[Start of Attachment]

lemma exp_sum_refine:
  assumes "odd u" "0 < L"
  shows "(\<Sum>b<L. c b * exp_sum tm_sign (real u * real b / real L) (3 * Q))
       = (\<Sum>b<2 * L. refine_coeffs u L c b
            * exp_sum tm_sign (real (3 * u) * real b / real (2 * L)) (2 * Q))"
proof -
  have block: "refine_coeffs u L c b
        * exp_sum tm_sign (real (3 * u) * real b / real (2 * L)) (2 * Q)
      + refine_coeffs u L c (L + b)
        * exp_sum tm_sign (real (3 * u) * real (L + b) / real (2 * L)) (2 * Q)
      = c b * exp_sum tm_sign (real u * real b / real L) (3 * Q)" if "b < L" for b
  proof -
    define a where "a = real u * real b / real L"
    obtain t :: nat
      where t: "real (3 * u) * real (L + b) / real (2 * L) = 3 * a / 2 + 1 / 2 + real t"
      using refine_frequency_shift[OF assms] unfolding a_def by blast
    have "real (3 * u) * real b / real (2 * L) = 3 * a / 2"
      unfolding a_def by simp
    then show ?thesis
      using that unfolding t exp_sum_add_Ints[OF Ints_of_nat] exp_sum_tm_sign_triple
      by (simp add: refine_coeffs_def a_def algebra_simps)
  qed
  then show ?thesis
    unfolding sum_lessThan_double by (intro sum.cong refl) (simp add: block)
qed

lemma weighted_energy_refine:
  assumes "odd u" "0 < L" "\<And>x. w (x + 1) = w x"
  shows "(\<Sum>b<2 * L. cmod (refine_coeffs u L c b) ^ 2 * w (real (3 * u) * real b / real (2 * L)))
       = (\<Sum>b<L. cmod (c b) ^ 2 * weight_transfer w (real u * real b / real L))"
proof -
  have block: "cmod (refine_coeffs u L c b) ^ 2 * w (real (3 * u) * real b / real (2 * L))
      + cmod (refine_coeffs u L c (L + b)) ^ 2 * w (real (3 * u) * real (L + b) / real (2 * L))
      = cmod (c b) ^ 2 * weight_transfer w (real u * real b / real L)" if "b < L" for b
  proof -
    define a where "a = real u * real b / real L"
    obtain t :: nat
      where t: "real (3 * u) * real (L + b) / real (2 * L) = 3 * a / 2 + 1 / 2 + real t"
      using refine_frequency_shift[OF assms(1,2)] unfolding a_def by blast
    have "real (3 * u) * real b / real (2 * L) = 3 * a / 2"
      unfolding a_def by simp
    then show ?thesis
      using that unfolding t periodic_add_of_nat[of w, OF assms(3)]
      by (simp add: refine_coeffs_def weight_transfer_def a_def norm_mult power_mult_distrib
          algebra_simps)
  qed
  then show ?thesis
    unfolding sum_lessThan_double by (intro sum.cong refl) (simp add: block)
qed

[End of Attachment]

• _TASK INSTRUCTIONS_
Determine how many lines in the listing above contain "that", giving the number and no other words.

• _EXERCISE SOLUTION_
2